Crown Financial Ministries
- Type: Non-profit
- Industry: Personal finance Career Business
- Founded: 1976, merged in 2000
- Headquarters: Knoxville, TN, United States
- Key people: Larry Burkett, Co-founder Howard Dayton, Co-founder Chuck Bentley, CEO
- Revenue: 5,461,243 United States dollar (2017)
- Total assets: 6,948,002 United States dollar (2022)
- Website: www.crown.org

= Crown Financial Ministries =

Evangelical Christian ministry

Crown Financial Ministries or Crown is a nondenominational, evangelical Christian ministry with the mission of "equipping servant leaders to live by God's design for their finances, work and life ... to advance transformation".

==Background==
Crown Financial Ministries was formed in 2000 by a merger of Larry Burkett's Christian Financial Concepts, (founded 1976), and Howard Dayton's Crown Ministries, (founded 1985). Burkett focused his ministry on mass media (including his radio show, Money Matters and a number of books), Bible studies, seminars, and building a volunteer coaching ministry, while Dayton focused on small group Bible studies combining biblical financial principles with practical application for budgeting and personal finances.

The two had met in the 1990s and quickly became friends. They considered the merger expedient due to the missions of their two groups, and Burkett's health. Burkett was chairman of the board of the combined entity until his 2003 death from heart failure.

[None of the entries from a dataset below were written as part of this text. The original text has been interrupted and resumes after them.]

lemma ev_fsingle [simp]: "ev \<tau> (fsingle w) = \<tau> w"
  using ev_eq_sum_superset[of "{w}" "fsingle w"] by (simp add: supp_def fsingle_def)

lemma ev_sum: "(\<And>i. i \<in> I \<Longrightarrow> f i \<in> FA) \<Longrightarrow> ev \<tau> (\<Sum>i\<in>I. f i) = (\<Sum>i\<in>I. ev \<tau> (f i))"
proof (induct I rule: infinite_finite_induct)
  case (insert x I)
  then show ?case by (simp add: ev_add FA_sum)
qed simp_all

lemma ev_functional_add_scale: "ev (\<lambda>w. \<tau> w + c * \<sigma> w) a = ev \<tau> a + c * ev \<sigma> a"
  by (simp add: ev_def distrib_left sum.distrib sum_distrib_left algebra_simps)

lemma ev_functional_sum: "ev (\<lambda>w. \<Sum>i\<in>I. \<tau> i w) a = (\<Sum>i\<in>I. ev (\<tau> i) a)"
  unfolding ev_def by (simp add: sum_distrib_left sum.swap[of _ I])

lemma ev_functional_scale: "ev (\<lambda>w. c * \<tau> w) a = c * ev \<tau> a"
  by (simp add: ev_def sum_distrib_left mult.left_commute)

lemma ev_functional_scale_right: "ev (\<lambda>w. \<tau> w * c) a = ev \<tau> a * c"
  by (simp add: ev_def sum_distrib_right mult.assoc)

lemma ev_fsingle_functional: "a \<in> FA \<Longrightarrow> ev (\<lambda>w. fsingle w v) a = a v"
  using ev_eq_sum_superset[of "insert v (supp a)" a "\<lambda>w. fsingle w v"]
  by (auto simp: FA_iff_finite_supp fsingle_def supp_def if_distrib sum.delta' cong: if_cong)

Dayton was CEO from the time of the merger until 2007 when Chuck Bentley became CEO.

==Activities==
A radio show, Crown Radio: Money Matters aired on 1,100 radio stations. An estimated 2,000,000 listeners in the US listen to the program, which is also aired in Africa, Australia and China. A Spanish-language version is aired in 23 countries. As of April 2008 the show was renamed MoneyLife and hosted by Chuck Bentley. Howard Dayton stepped aside as host and CEO to focus on writing books and speaking, but remains actively involved in Crown, according to their website.

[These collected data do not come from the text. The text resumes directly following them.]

lemma point_class_rep:
  assumes "u \<in> verts G"
  obtains t where "\<And>v. v \<in> verts G \<Longrightarrow> (SOME f. f \<in> point_class u) v = point_mass u v - t"
proof -
  have "(SOME f. f \<in> point_class u) \<in> point_class u"
    using assms point_class_in_BF some_in_BF_class(1) by blast
  then have "(point_mass u, SOME f. f \<in> point_class u) \<in> BF_rel" unfolding point_class_def by simp
  then obtain k where "\<forall>v\<in>verts G. point_mass u v - (SOME f. f \<in> point_class u) v = int q * k"
    unfolding BF_rel_iff by blast
  then show ?thesis by (intro that[of "int q * k"]) auto
qed

lemma BF_indep_point_classes:
  assumes v0: "v0 \<in> verts G"
  shows "BF_indep G (point_class ` (verts G - {v0}))"
  unfolding BF_indep_def
proof (intro allI impI ballI)
  let ?U = "verts G - {v0}"
  let ?rep = "\<lambda>C. SOME f. f \<in> C"
  fix c :: "('v \<Rightarrow> int) set \<Rightarrow> int" and C
  assume rel: "(\<lambda>v. \<Sum>C\<in>point_class ` ?U. c C * ?rep C v) \<in> BF_lattice G"
    and C: "C \<in> point_class ` ?U"
  have "\<exists>t. \<forall>v\<in>verts G. ?rep (point_class u) v = point_mass u v - t" if "u \<in> ?U" for u
    using point_class_rep that by (metis DiffD1)
  then obtain t where t: "\<And>u v. u \<in> ?U \<Longrightarrow> v \<in> verts G \<Longrightarrow> ?rep (point_class u) v = point_mass u v - t u"
    by metis
  obtain K where K: "(\<lambda>v. \<Sum>C\<in>point_class ` ?U. c C * ?rep C v) = const_on_verts (int q * K)"
    using rel unfolding BF_lattice_eq by blast
  define T where "T = (\<Sum>u\<in>?U. c (point_class u) * t u)"
  have value_at: "(\<Sum>C\<in>point_class ` ?U. c C * ?rep C v) = (if v \<in> ?U then c (point_class v) else 0) - T"
    if v: "v \<in> verts G" for v
  proof -
    have "(\<Sum>C\<in>point_class ` ?U. c C * ?rep C v) = (\<Sum>u\<in>?U. c (point_class u) * (point_mass u v - t u))"
      using v by (simp add: sum.reindex[OF inj_on_point_class[OF v0]] t)
    also have "\<dots> = (\<Sum>u\<in>?U. c (point_class u) * point_mass u v) - T"
      by (simp add: T_def right_diff_distrib sum_subtractf)
    also have "(\<Sum>u\<in>?U. c (point_class u) * point_mass u v) = (if v \<in> ?U then c (point_class v) else 0)"
      by (simp add: point_mass_def if_distrib sum.delta cong: if_cong)
    finally show ?thesis .
  qed
  \<comment> \<open>Compare the values at u and at v0, where no point mass of the family lives.\<close>
  obtain u where u: "u \<in> ?U" "C = point_class u" using C by blast
  have "c C - T = int q * K" using value_at[of u] fun_cong[OF K, of u] u by (simp add: const_on_verts_def)
  moreover have "- T = int q * K" using value_at[OF v0] fun_cong[OF K, of v0] v0 by (simp add: const_on_verts_def)
  ultimately show "c C = 0" by simp
qed

lemma BF_rank_eq: "BF_rank G = card (verts G) - 1"
proof -
  let ?ranks = "{card S |S. S \<subseteq> BF G \<and> finite S \<and> BF_indep G S}"
  obtain v0 where v0: "v0 \<in> verts G" using verts_nonempty by blast
  have "card (point_class ` (verts G - {v0})) = card (verts G) - 1"
    using v0 by (simp add: card_image inj_on_point_class)
  then have mem: "card (verts G) - 1 \<in> ?ranks"
    using v0 point_class_in_BF BF_indep_point_classes[OF v0]
    by (intro CollectI exI[of _ "point_class ` (verts G - {v0})"]) auto
  have bound: "\<And>r. r \<in> ?ranks \<Longrightarrow> r \<le> card (verts G) - 1"
    using card_le_if_BF_indep by blast
  then have "finite ?ranks"
    unfolding finite_nat_set_iff_bounded_le by blast
  then show ?thesis unfolding BF_rank_def by (rule Max_eqI[OF _ bound mem])
qed

end


section \<open>The quotient digraph Y^+\<close>

lemma cong_mult_inverse_iff:
  fixes a b x y m :: int
  assumes "[x * y = 1] (mod m)"
  shows "[a * y = b] (mod m) \<longleftrightarrow> [a = b * x] (mod m)"
proof
  assume "[a * y = b] (mod m)"
  then have "[a * y * x = b * x] (mod m)" by (rule cong_scalar_right)
  moreover have "[a * y * x = a] (mod m)"
    using cong_scalar_left[OF assms, of a] by (simp add: mult_ac)
  ultimately show "[a = b * x] (mod m)" by (meson cong_sym cong_trans)
next
  assume "[a = b * x] (mod m)"
  then have "[a * y = b * x * y] (mod m)" by (rule cong_scalar_right)
  moreover have "[b * x * y = b] (mod m)"
    using cong_scalar_left[OF assms, of b] by (simp add: mult_ac)
  ultimately show "[a * y = b] (mod m)" by (rule cong_trans)
qed

text \<open>The \<open>\<langle>j\<rangle>\<close>-orbits of the vertex \<open>((), \<sigma>)\<close> and of the edge \<open>(e, \<sigma>)\<close> of Y:
  j acts on \<open>\<Delta> = {1..<p}\<close> as \<open>\<sigma> \<mapsto> p - \<sigma>\<close>.\<close>

definition vert_orbit :: "nat \<Rightarrow> nat \<Rightarrow> (unit \<times> nat) set" where
  "vert_orbit p \<sigma> = {((), \<sigma>), ((), p - \<sigma>)}"

definition arc_orbit :: "nat \<Rightarrow> xedge \<Rightarrow> nat \<Rightarrow> (xedge \<times> nat) set" where
  "arc_orbit p e \<sigma> = {(e, \<sigma>), (e, p - \<sigma>)}"

lemma finite_X_edges: "finite (X_edges p)"
proof -
  have "X_edges p \<subseteq> insert E0 ((\<lambda>(i, k). Eik i k) ` ({..p} \<times> {..p}))"
    unfolding X_edges_def by auto
  then show ?thesis by (rule finite_subset) simp
qed

lemma card_Eik:
  assumes "finite I"
  shows "card {Eik i k | i k. i \<in> I \<and> 1 \<le> k \<and> k \<le> i} = (\<Sum>i\<in>I. i)"
proof -
  have "{Eik i k | i k. i \<in> I \<and> 1 \<le> k \<and> k \<le> i} = (\<lambda>(i, k). Eik i k) ` (SIGMA i:I. {1..i})"
    by auto
  moreover have "inj_on (\<lambda>(i, k). Eik i k) (SIGMA i:I. {1..i})" by (auto simp: inj_on_def)
  ultimately show ?thesis using assms by (simp add: card_image card_SigmaI)
qed

locale odd_prime =
  fixes p :: nat
  assumes prime: "prime p" and odd: "odd p"
begin

lemma p_ge_3: "p \<ge> 3"
  using prime_ge_2_nat[OF prime] odd by (cases "p = 2") auto

lemma not_dvd_if_unit: "\<sigma> \<in> {1..<p} \<Longrightarrow> \<not> p dvd \<sigma>"
  by (auto dest: dvd_imp_le)

lemma not_dvd_mult_if_units:
  assumes "a \<in> {1..<p}" "b \<in> {1..<p}"
  shows "\<not> p dvd a * b"
  using assms not_dvd_if_unit prime_dvd_mult_iff[OF prime] by blast

lemma mult_mod_in_units:
  assumes "a \<in> {1..<p}" "b \<in> {1..<p}"
  shows "a * b mod p \<in> {1..<p}"
proof -
  have "a * b mod p \<noteq> 0" using not_dvd_mult_if_units[OF assms] by (simp add: dvd_eq_mod_eq_0)
  then show ?thesis using p_ge_3 by simp
qed

lemma ex1_inverse: "i \<in> {1..<p} \<Longrightarrow> \<exists>!b. b \<in> Delta p \<and> dmul p i b = 1"
proof -
  assume i: "i \<in> {1..<p}"
  have cop: "coprime i p"
    using prime_imp_coprime[OF prime not_dvd_if_unit[OF i]] by (simp add: coprime_commute)
  obtain x where "[i * x = 1] (mod p)" using cong_solve_coprime_nat[OF cop] by auto
  then have ib: "i * (x mod p) mod p = 1"
    using p_ge_3 by (simp add: cong_def mod_mult_right_eq)
  moreover have "x mod p \<noteq> 0" using ib by (intro notI) simp
  ultimately have b: "x mod p \<in> Delta p"
    using p_ge_3 by (simp add: Delta_def)
  show ?thesis
  proof (rule ex1I[of _ "x mod p"])
    show "x mod p \<in> Delta p \<and> dmul p i (x mod p) = 1" using b ib by (simp add: dmul_def)
  next
    fix b' assume b': "b' \<in> Delta p \<and> dmul p i b' = 1"
    then have "[i * b' = i * (x mod p)] (mod p)" using ib by (simp add: dmul_def cong_def)
    then have "[b' = x mod p] (mod p)" using cong_mult_lcancel_nat[OF cop] by blast
    then show "b' = x mod p" using b' b unfolding Delta_def by (intro cong_less_modulus_unique_nat) auto
  qed
qed

lemma dinv_in_units: "i \<in> {1..<p} \<Longrightarrow> dinv p i \<in> {1..<p}"
  and cong_mult_dinv: "i \<in> {1..<p} \<Longrightarrow> [i * dinv p i = 1] (mod p)"
  using theI'[OF ex1_inverse, of i] p_ge_3 by (auto simp: dinv_def Delta_def dmul_def cong_def)

lemma lorbit_jgrp: "\<sigma> \<in> {1..<p} \<Longrightarrow> lorbit (jgrp p) (dmul p) (x, \<sigma>) = {(x, \<sigma>), (x, p - \<sigma>)}"
proof -
  assume \<sigma>: "\<sigma> \<in> {1..<p}"
  have "(p - 1) * \<sigma> = (p - \<sigma>) + p * (\<sigma> - 1)"
    using \<sigma> by (simp add: algebra_simps diff_mult_distrib diff_mult_distrib2)
  then have "(p - 1) * \<sigma> mod p = (p - \<sigma>) mod p" by (simp only: mod_mult_self2)
  also have "\<dots> = p - \<sigma>" using \<sigma> by simp
  finally have "(p - 1) * \<sigma> mod p = p - \<sigma>" .
  moreover have "lorbit (jgrp p) (dmul p) (x, \<sigma>) = {(x, 1 * \<sigma> mod p), (x, (p - 1) * \<sigma> mod p)}"
    unfolding lorbit_def jgrp_def dmul_def by (auto intro: exI[of _ 1])
  ultimately show ?thesis using \<sigma> by simp
qed

lemma vert_orbit_eq_iff:
  "\<sigma> \<in> {1..<p} \<Longrightarrow> \<tau> \<in> {1..<p} \<Longrightarrow> vert_orbit p \<sigma> = vert_orbit p \<tau> \<longleftrightarrow> \<sigma> = \<tau> \<or> \<sigma> + \<tau> = p"
  by (auto simp: vert_orbit_def doubleton_eq_iff)

lemma dvd_sum_of_units_iff:
  assumes "\<sigma> \<in> {1..<p}" "\<tau> \<in> {1..<p}"
  shows "p dvd \<sigma> + \<tau> \<longleftrightarrow> \<sigma> + \<tau> = p"
proof
  assume "p dvd \<sigma> + \<tau>"
  then obtain k where k: "\<sigma> + \<tau> = p * k" by (elim dvdE)
  have "k \<noteq> 0"
  proof
    assume "k = 0"
    then show False using k assms by simp
  qed
  moreover have "p * k < p * 2" using k assms unfolding atLeastLessThan_iff by linarith
  then have "k < 2" by simp
  ultimately show "\<sigma> + \<tau> = p" using k by (simp add: less_2_cases_iff)
qed simp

The message is similar to the teachings of financial talk show host Dave Ramsey that getting out of debt and controlling one's expectation of living are important parts of Christian discipleship. Dave Ramsey credits the co-founder Larry Burkett as one of his mentors who helped him get out of debt and form his thoughts and ideas on finances. While they acknowledge there is no direct admonition in the Bible against assuming debt, they heavily discourage taking it on.

Christian financial planner Gary Moore criticized Crown in 2006 for what he considers an aversion to taking on debt.